В стороне стоял жутковатый лысый мужчина, похожий на лилльского палача из советского фильма про трех мушкетеров.
Толпа рассасывалась, размывалась, откатывала к зданию вокзала, как прибрежная волна. Лагерфельда не было.
«Может, опаздывает? – зашевелилось в голове. – Может, что-то перепутал? Может, я что-то напутала? Может, про меня забыли?»
От последней мысли прошиб холодный пот.
Неужели Клавдия оказалась права?
Что дальше? Одна, в чужом городе, без денег. Куда идти? Что делать?
Рита вертела головой по сторонам. Из дверей вагона высунулась Клавдия, поглядела с сочувствием.
– Не встретили?
– Встретят, – вымученно улыбнулась ей Рита.
«А если не встретят, тогда что? Пока не поздно, попросить Клаву, чтоб взяла ее с собой обратно?» – метнулась малодушная мысль.
Мимо пробежал таджик с тележкой, за ним прошествовала дородная тетка с недовольным взглядом, и на платформе не осталось никого. Только Рита и «лилльский палач».
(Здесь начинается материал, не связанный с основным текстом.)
lemma pd2_phi_inner_phi:
  assumes y: "y \<in> U"
  shows "pd a (pd b \<phi>) y \<bullet> \<phi> y = - (pd a \<phi> y \<bullet> pd b \<phi> y)"
proof -
  have "pd a (\<lambda>z. pd b \<phi> z \<bullet> \<phi> z) y = pd a (\<lambda>z. 0) y"
    by (rule pd_cong_open[OF open_chart y]) (rule pd_phi_inner_phi)
  then show ?thesis
    using pd_inner[OF differentiable_pd_phi[OF y] differentiable_phi[OF y], of a b]
    by (simp add: pd_const inner_commute eq_neg_iff_add_eq_0)
qed

lemma frechet_derivative_phi_eq_sum:
  assumes y: "y \<in> U"
  shows "frechet_derivative \<phi> (at y) c = (\<Sum>j\<in>UNIV. c $ j *\<^sub>R pd j \<phi> y)"
proof -
  have lin: "linear (frechet_derivative \<phi> (at y))"
    using differentiable_phi[OF y] frechet_derivative_works has_derivative_linear by blast
  have "c = (\<Sum>j\<in>UNIV. c $ j *\<^sub>R axis j 1)"
    using basis_expansion[of c] by (simp add: scalar_mult_eq_scaleR)
  then have "frechet_derivative \<phi> (at y) c
      = frechet_derivative \<phi> (at y) (\<Sum>j\<in>UNIV. c $ j *\<^sub>R axis j 1)"
    by simp
  also have "\<dots> = (\<Sum>j\<in>UNIV. c $ j *\<^sub>R pd j \<phi> y)"
    using lin by (simp add: linear_sum linear_scale pd_def)
  finally show ?thesis .
qed

lemma metric_invertible:
  assumes y: "y \<in> U"
  shows "invertible (metric \<phi> y)"
proof -
  have "c = 0" if c: "metric \<phi> y *v c = 0" for c
  proof -
    let ?D = "frechet_derivative \<phi> (at y)"
    have "?D c \<bullet> pd i \<phi> y = (metric \<phi> y *v c) $ i" for i
      by (simp add: frechet_derivative_phi_eq_sum[OF y] inner_sum_left metric_entry
          matrix_vector_mult_def mult.commute inner_commute[of "pd i \<phi> y"])
    then have "?D c \<bullet> ?D c = 0"
      using c by (simp add: frechet_derivative_phi_eq_sum[OF y] inner_sum_right)
    then have "?D c = 0" by simp
    moreover have "?D 0 = 0"
      using differentiable_phi[OF y] frechet_derivative_works has_derivative_linear linear_0 by blast
    moreover have "inj ?D"
      using chart y unfolding sphere_hypersurface_chart_def by blast
    ultimately show "c = 0" by (metis injD)
  qed
  then show ?thesis
    using matrix_left_invertible_ker invertible_left_inverse by blast
qed
(* Let $p$ be a prime, $\alpha,\beta\ge1$, $x_0\in\mathbb{Z}_{p^\alpha}$, and let $\hat x_0\in\{0,\dots,p^\alpha-1\}$ be its least nonnegative representative. Let $\binom{0}{X-x_0}_{p^\alpha,p^\beta}$ be the map $\mathbb{Z}\to\mathbb{Z}_{p^\beta}$ with value $1$ at $x\equiv x_0\pmod{p^\alpha}$ and $0$ elsewhere. Then, with $d:=p^\alpha-1+(\beta-1)(p-1)p^{\alpha-1}$, $$\binom{0}{X-x_0}_{p^\alpha,p^\beta}=\sum_{\delta=0}^d\binom{\delta}{\delta-x_0}_{p^\alpha,p^\beta}\binom{X}{\delta}\in\mathbb{Z}_{p^\beta}\binom{X}{\mathbb{Z}_{p^\alpha}},$$ where $\delta-x_0$ is the residue class of $\delta-\hat x_0$ modulo $p^\alpha$. For $\beta=1$ this specializes to $$\binom{0}{X-x_0}_{p^\alpha,p}=\sum_{\delta=\hat x_0}^{p^\alpha-1}(-1)^{\delta-\hat x_0}\binom{\delta}{\delta-\hat x_0}\binom{X}{\delta}\quad(\text{coefficients mod }p),$$ and in particular $\binom{0}{X}_{p^\alpha,p}=\binom{X}{0}-\binom{X}{1}+\binom{X}{2}\mp\cdots+(-1)^{p^\alpha-1}\binom{X}{p^\alpha-1}$ over $\mathbb{Z}_p$.
   Context: $\mathbb{Z}_r=\mathbb{Z}/r\mathbb{Z}$; $\binom{X}{\delta}=X(X-1)\cdots(X-\delta+1)/\delta!$, $\binom{X}{0}=1$. For integers $d\ge0$, $q\ge1$, $r\ge0$ and $x\in\mathbb{Z}_q$: $\binom{d}{x}_q:=\sum_{\hat x\in x,\,\hat x\ge0}(-1)^{\hat x}\binom{d}{\hat x}\in\mathbb{Z}$ and $\binom{d}{x}_{q,r}:=\binom{d}{x}_q+r\mathbb{Z}$. An equality between a map $\mathbb{Z}\to\mathbb{Z}_r$ and a polyfract $\sum_\delta P_\delta\binom{X}{\delta}$ ($P_\delta\in\mathbb{Z}_r$) means the map equals $x\mapsto\sum_\delta\binom{x}{\delta}P_\delta$. $\mathbb{Z}_r\binom{X}{\mathbb{Z}_q}$ denotes the set of such polyfracts whose map is $q$-periodic. *)

theory Defs
  imports "HOL-Number_Theory.Number_Theory"
begin

text \<open>The integer binom(d, x)_q for the residue class of the integer x modulo q:
  the sum over all nonnegative representatives k of the class of (-1)^k * (d choose k).
  Terms with k > d vanish, so only k \<le> d are summed.\<close>
definition binom_q :: "nat \<Rightarrow> nat \<Rightarrow> int \<Rightarrow> int" where
  "binom_q d q x = (\<Sum>k | k \<le> d \<and> [int k = x] (mod int q). (-1)^k * int (d choose k))"

text \<open>Binomial coefficient binom(X, delta) = X(X-1)...(X-delta+1)/delta! at an integer X
  (the division is exact).\<close>
definition int_binom :: "int \<Rightarrow> nat \<Rightarrow> int" where
  "int_binom x \<delta> = (\<Prod>i<\<delta>. x - int i) div fact \<delta>"

text \<open>The integer-valued map x \<mapsto> sum_{delta=0}^{d} binom(x, delta) * P delta (on all of Z);
  an equality with values in Z_r is a congruence modulo r.\<close>
definition polyfract_eval :: "(nat \<Rightarrow> int) \<Rightarrow> nat \<Rightarrow> int \<Rightarrow> int" where
  "polyfract_eval P d x = (\<Sum>\<delta>\<le>d. int_binom x \<delta> * P \<delta>)"

definition indicator_res :: "nat \<Rightarrow> int \<Rightarrow> int \<Rightarrow> int" where
  "indicator_res q x0 x = (if [x = x0] (mod int q) then 1 else 0)"

end

theory Submission
  imports Defs
begin

text \<open>
  Write \<open>\<Delta>_t f x = f (x + t) - f x\<close> and \<open>\<Delta> = \<Delta>_1\<close>. The coefficients
  \<open>binom_q \<delta> q (\<delta> - x0)\<close> are exactly \<open>\<Delta>^\<delta> f 0\<close> for the indicator \<open>f\<close> of
  \<open>x0 + q\<int>\<close>, so the claim says that Newton interpolation of \<open>f\<close> truncated at degree \<open>d\<close>
  is exact modulo \<open>p^\<beta>\<close>. This holds as soon as \<open>p^\<beta>\<close> divides every value of
  \<open>\<Delta>^(d + 1) f\<close>: the truncation error then vanishes modulo \<open>p^\<beta>\<close> on \<open>\<nat>\<close>, and
  since its \<open>(d + 1)\<close>-st difference does too, on all of \<open>\<int>\<close>.

  Let \<open>q = p^(k + 1)\<close> and \<open>\<phi> = p^k (p - 1)\<close>, so that \<open>d + 1 = p^k + \<beta> \<phi>\<close>. Modulo \<open>p\<close>
  the Frobenius identity gives \<open>\<Delta>^(p^k) \<equiv> \<Delta>_(p^k)\<close>. Hence for \<open>q\<close>-periodic \<open>f\<close>
  one has \<open>\<Delta>^(p^k) f = \<Delta>_(p^k) f + p g\<close> with \<open>g\<close> again \<open>q\<close>-periodic, where
  \<open>\<Delta>_(p^k) f\<close> has vanishing sums along the cycles \<open>x + p^k {0, \<dots>, p - 1}\<close>.
  On such functions \<open>\<Delta>^\<phi> \<equiv> (\<Delta>_(p^k))^(p - 1)\<close> is the cycle sum modulo \<open>p\<close>,
  because \<open>(-1)^(p - 1 + j) binom(p - 1, j) \<equiv> 1\<close>; so every further \<open>\<phi>\<close> differences gain
  a factor \<open>p\<close>, and induction on \<open>\<beta>\<close> yields \<open>p^\<beta> | \<Delta>^(p^k + \<beta> \<phi>) f\<close>.
\<close>

definition fwd_diff :: "int \<Rightarrow> (int \<Rightarrow> int) \<Rightarrow> int \<Rightarrow> int" where
  "fwd_diff t f x = f (x + t) - f x"

lemma fwd_diff_funpow:
  "(fwd_diff t ^^ n) f x = (\<Sum>j\<le>n. (-1) ^ (n + j) * int (n choose j) * f (x + t * int j))"
proof (induction n arbitrary: x)
  case 0
  then show ?case by simp
next
  case (Suc n)
  define g where "g j = f (x + t * int j)" for j
  have L: "(fwd_diff t ^^ Suc n) f x = (\<Sum>j\<le>n. (-1) ^ (n + j) * int (n choose j) * g (Suc j))
          - (\<Sum>j\<le>n. (-1) ^ (n + j) * int (n choose j) * g j)"
    by (simp add: fwd_diff_def Suc g_def algebra_simps)
  have "(\<Sum>j\<le>n. (-1) ^ (n + j) * int (n choose j) * g j)
      = (\<Sum>j\<le>Suc n. (-1) ^ (n + j) * int (n choose j) * g j)"
    by simp
  also have "\<dots> = (-1) ^ n * g 0 + (\<Sum>j\<le>n. (-1) ^ (n + Suc j) * int (n choose Suc j) * g (Suc j))"
    by (subst sum.atMost_Suc_shift) simp
  also have "\<dots> = (-1) ^ n * g 0 - (\<Sum>j\<le>n. (-1) ^ (n + j) * int (n choose Suc j) * g (Suc j))"
    by (simp add: sum_negf[symmetric])
  finally have A: "(\<Sum>j\<le>n. (-1) ^ (n + j) * int (n choose j) * g j)
      = (-1) ^ n * g 0 - (\<Sum>j\<le>n. (-1) ^ (n + j) * int (n choose Suc j) * g (Suc j))" .
  have R: "(\<Sum>j\<le>Suc n. (-1) ^ (Suc n + j) * int (Suc n choose j) * g j)
      = - ((-1) ^ n * g 0) + (\<Sum>j\<le>n. (-1) ^ (n + j) * int (n choose j) * g (Suc j))
        + (\<Sum>j\<le>n. (-1) ^ (n + j) * int (n choose Suc j) * g (Suc j))"
    by (subst sum.atMost_Suc_shift) (simp add: algebra_simps sum.distrib)
  show ?case using L A R by (simp add: g_def)
qed

lemma fwd_diff_funpow_Suc:
  "(fwd_diff t ^^ Suc n) f x = (fwd_diff t ^^ n) f (x + t) - (fwd_diff t ^^ n) f x"
  by (simp only: funpow.simps(2) comp_apply fwd_diff_def[of t "(fwd_diff t ^^ n) f" x])

lemma fwd_diff_funpow_diff:
  "(fwd_diff t ^^ n) (\<lambda>y. f y - g y) x = (fwd_diff t ^^ n) f x - (fwd_diff t ^^ n) g x"
  by (simp add: fwd_diff_funpow sum_subtractf[symmetric] algebra_simps)

lemma fwd_diff_funpow_add:
  "(fwd_diff t ^^ n) (\<lambda>y. f y + g y) x = (fwd_diff t ^^ n) f x + (fwd_diff t ^^ n) g x"
  by (simp add: fwd_diff_funpow sum.distrib[symmetric] algebra_simps)

lemma fwd_diff_funpow_cmult:
  "(fwd_diff t ^^ n) (\<lambda>y. c * f y) x = c * (fwd_diff t ^^ n) f x"
  by (simp add: fwd_diff_funpow sum_distrib_left algebra_simps)

lemma fwd_diff_funpow_sum:
  "(fwd_diff t ^^ n) (\<lambda>y. \<Sum>i\<in>I. f i y) x = (\<Sum>i\<in>I. (fwd_diff t ^^ n) (f i) x)"
  by (simp add: fwd_diff_funpow sum_distrib_left sum.swap[of _ I] algebra_simps)

lemma fwd_diff_funpow_shift:
  "(fwd_diff t ^^ n) (\<lambda>y. f (y + c)) x = (fwd_diff t ^^ n) f (x + c)"
  unfolding fwd_diff_funpow by (rule sum.cong) (simp_all add: ac_simps)

lemma fwd_diff_funpow_periodic:
  assumes "\<And>y. f (y + c) = f y"
  shows "(fwd_diff t ^^ n) f (x + c) = (fwd_diff t ^^ n) f x"
  using fwd_diff_funpow_shift[where f = f and c = c] assms by simp

lemma dvd_fwd_diff_funpow:
  "(\<And>y. m dvd f y) \<Longrightarrow> m dvd (fwd_diff t ^^ n) f x"
  by (simp add: fwd_diff_funpow dvd_sum)

lemma dvd_fwd_diff_funpow_ge:
  assumes "\<And>y. m dvd (fwd_diff t ^^ n) f y" and "n \<le> k"
  shows "m dvd (fwd_diff t ^^ k) f x"
proof -
  have "(fwd_diff t ^^ k) f x = (fwd_diff t ^^ (k - n)) ((fwd_diff t ^^ n) f) x"
    using \<open>n \<le> k\<close> by (metis comp_apply funpow_add le_add_diff_inverse2)
  then show ?thesis using dvd_fwd_diff_funpow[of m, OF assms(1)] by simp
qed

lemma fwd_diff_funpow_cong:
  "(\<And>y. [f y = g y] (mod m)) \<Longrightarrow> [(fwd_diff t ^^ n) f x = (fwd_diff t ^^ n) g x] (mod m)"
  unfolding fwd_diff_funpow by (intro cong_sum cong_mult cong_refl) auto

lemma funpow_fwd_diff_funpow_cong:
  assumes "\<And>g y. [(fwd_diff 1 ^^ N) g y = fwd_diff t g y] (mod m)"
  shows "[((fwd_diff 1 ^^ N) ^^ k) f x = (fwd_diff t ^^ k) f x] (mod m)"
proof (induction k arbitrary: x)
  case 0
  then show ?case by simp
next
  case (Suc k)
  have "[(fwd_diff 1 ^^ N) (((fwd_diff 1 ^^ N) ^^ k) f) x = (fwd_diff 1 ^^ N) ((fwd_diff t ^^ k) f) x] (mod m)"
    by (rule fwd_diff_funpow_cong) (rule Suc)
  also have "[(fwd_diff 1 ^^ N) ((fwd_diff t ^^ k) f) x = fwd_diff t ((fwd_diff t ^^ k) f) x] (mod m)"
    by (rule assms)
  finally show ?case by simp
qed

subsection \<open>Forward differences modulo a prime\<close>

lemma minus_one_power_prime_cong:
  assumes "prime (p::nat)"
  shows "[(-1::int) ^ p = -1] (mod int p)"
proof (cases "p = 2")
  case True
  then show ?thesis by (simp add: cong_def)
next
  case False
  then have "odd p" using prime_odd_nat[OF assms] prime_ge_2_nat[OF assms] by simp
  then show ?thesis by simp
qed

lemma fwd_diff_funpow_prime_cong:
  assumes "prime p"
  shows "[(fwd_diff t ^^ p) f x = fwd_diff (t * int p) f x] (mod int p)"
proof -
  have p0: "p > 0" using assms prime_gt_0_nat by blast
  have "[(-1) ^ (p + j) * int (p choose j) * f (x + t * int j)
        = (if j = 0 then - f x else 0) + (if j = p then f (x + t * int p) else 0)] (mod int p)"
    if "j \<le> p" for j
  proof -
    consider "j = 0" | "j = p" | "0 < j" "j < p" using \<open>j \<le> p\<close> by linarith
    then show ?thesis
    proof cases
      case 1
      then show ?thesis
        using p0 cong_mult[OF minus_one_power_prime_cong[OF assms] cong_refl[of "f x"]] by simp
    next
      case 2
      have "(-1::int) ^ (p + p) = 1" by (rule neg_one_even_power) simp
      then show ?thesis using 2 p0 by simp
    next
      case 3
      then have "int p dvd int (p choose j)" using dvd_choose_prime[OF _ _ _ assms] by auto
      then show ?thesis using 3 by (simp add: cong_0_iff)
    qed
  qed
  then have "[(fwd_diff t ^^ p) f x = (\<Sum>j\<le>p. (if j = 0 then - f x else 0)
                + (if j = p then f (x + t * int p) else 0))] (mod int p)"
    unfolding fwd_diff_funpow by (intro cong_sum) auto
  also have "(\<Sum>j\<le>p. (if j = 0 then - f x else 0) + (if j = p then f (x + t * int p) else 0))
      = fwd_diff (t * int p) f x"
    using p0 by (simp add: sum.distrib fwd_diff_def)
  finally show ?thesis .
qed

lemma fwd_diff_funpow_prime_power_cong:
  assumes "prime p"
  shows "[(fwd_diff 1 ^^ (p ^ k)) f x = fwd_diff (int (p ^ k)) f x] (mod int p)"
proof (induction k arbitrary: f x)
  case 0
  then show ?case by simp
next
  case (Suc k)
  have "fwd_diff 1 ^^ (p ^ Suc k) = (fwd_diff 1 ^^ (p ^ k)) ^^ p"
    by (simp add: funpow_mult mult.commute)
  moreover have "[((fwd_diff 1 ^^ (p ^ k)) ^^ p) f x = (fwd_diff (int (p ^ k)) ^^ p) f x] (mod int p)"
    by (rule funpow_fwd_diff_funpow_cong) (rule Suc.IH)
  moreover have "[(fwd_diff (int (p ^ k)) ^^ p) f x = fwd_diff (int (p ^ k) * int p) f x] (mod int p)"
    by (rule fwd_diff_funpow_prime_cong[OF assms])
  ultimately show ?case by (simp add: cong_trans mult.commute)
qed

lemma minus_one_power_choose_prime_minus_one_cong:
  assumes "prime p" and "j \<le> p - 1"
  shows "[(-1::int) ^ (p - 1 + j) * int ((p - 1) choose j) = 1] (mod int p)"
  using assms(2)
proof (induction j)
  case 0
  have p0: "p > 0" using assms prime_gt_0_nat by blast
  have "(-1::int) ^ (p - 1) = - ((-1) ^ p)" using p0 by (cases p) auto
  moreover have "[- ((-1::int) ^ p) = - (-1)] (mod int p)"
    using minus_one_power_prime_cong[OF assms(1)] cong_minus_minus_iff by blast
  ultimately show ?case by simp
next
  case (Suc j)
  have p0: "p > 0" using assms prime_gt_0_nat by blast
  have "p choose Suc j = ((p - 1) choose j) + ((p - 1) choose Suc j)"
    using p0 by (cases p) auto
  moreover have "p dvd (p choose Suc j)"
    using dvd_choose_prime[OF _ _ _ assms(1)] Suc.prems p0 by auto
  ultimately have "[int ((p - 1) choose Suc j) = - int ((p - 1) choose j)] (mod int p)"
    by (metis add.commute cong_iff_dvd_diff diff_minus_eq_add of_nat_add of_nat_dvd_iff)
  then have "[(-1::int) ^ (p - 1 + Suc j) * int ((p - 1) choose Suc j)
            = (-1) ^ (p - 1 + Suc j) * (- int ((p - 1) choose j))] (mod int p)"
    by (rule cong_mult[OF cong_refl])
  then show ?case using Suc by (simp add: cong_trans)
qed

subsection \<open>Functions with vanishing cycle sums\<close>

definition zero_cycle_sums :: "nat \<Rightarrow> int \<Rightarrow> (int \<Rightarrow> int) \<Rightarrow> bool" where
  "zero_cycle_sums p s h \<longleftrightarrow> (\<forall>x. (\<Sum>i<p. h (x + s * int i)) = 0)"

lemma zero_cycle_sums_fwd_diff_periodic:
  assumes "\<And>y. f (y + s * int p) = f y"
  shows "zero_cycle_sums p s (fwd_diff s f)"
  unfolding zero_cycle_sums_def
proof
  fix x
  have "(\<Sum>i<p. fwd_diff s f (x + s * int i)) = (\<Sum>i<p. f (x + s * int (Suc i)) - f (x + s * int i))"
    unfolding fwd_diff_def by (simp add: algebra_simps)
  also have "\<dots> = f (x + s * int p) - f (x + s * int 0)"
    by (rule sum_lessThan_telescope)
  finally show "(\<Sum>i<p. fwd_diff s f (x + s * int i)) = 0" using assms by simp
qed

lemma zero_cycle_sums_fwd_diff_funpow:
  assumes "zero_cycle_sums p s h"
  shows "zero_cycle_sums p s ((fwd_diff t ^^ n) h)"
  unfolding zero_cycle_sums_def
proof
  fix x
  have "(\<Sum>i<p. (fwd_diff t ^^ n) h (x + s * int i))
      = (fwd_diff t ^^ n) (\<lambda>y. \<Sum>i<p. h (y + s * int i)) x"
    by (simp add: fwd_diff_funpow_shift fwd_diff_funpow_sum)
  also have "\<dots> = 0"
    using assms unfolding zero_cycle_sums_def by (simp add: fwd_diff_funpow)
  finally show "(\<Sum>i<p. (fwd_diff t ^^ n) h (x + s * int i)) = 0" .
qed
Мужчина по-прежнему стоял в стороне. На вид ему можно было дать лет пятьдесят. Хотя с тем же успехом – лет на десять меньше или лет на десять больше – бывают такие люди без возраста. В свитере и джинсах. Высокий, совершенно лысый, с водянистыми, мертвыми глазами. И глаза эти смотрели на нее.
Рита поежилась. Она привыкла к тому, что на нее пялятся мужчины, но ни один никогда не глядел на нее так.
Взгляд был оценивающим. И вместе с тем она совершенно не интересовала палача как женщина. Быть может, его вовсе не интересовали женщины. С таким же успехом патологоанатом мог разглядывать труп в прозекторской. Чисто профессиональный интерес.
Словно уловив ее мысли, мужчина неспешно сдвинулся с места и зашагал Рите навстречу. Этому-то что от нее нужно?
«А может, он к Клаве, – мелькнула спасительная мысль, – передают же люди какие-то посылки с проводниками».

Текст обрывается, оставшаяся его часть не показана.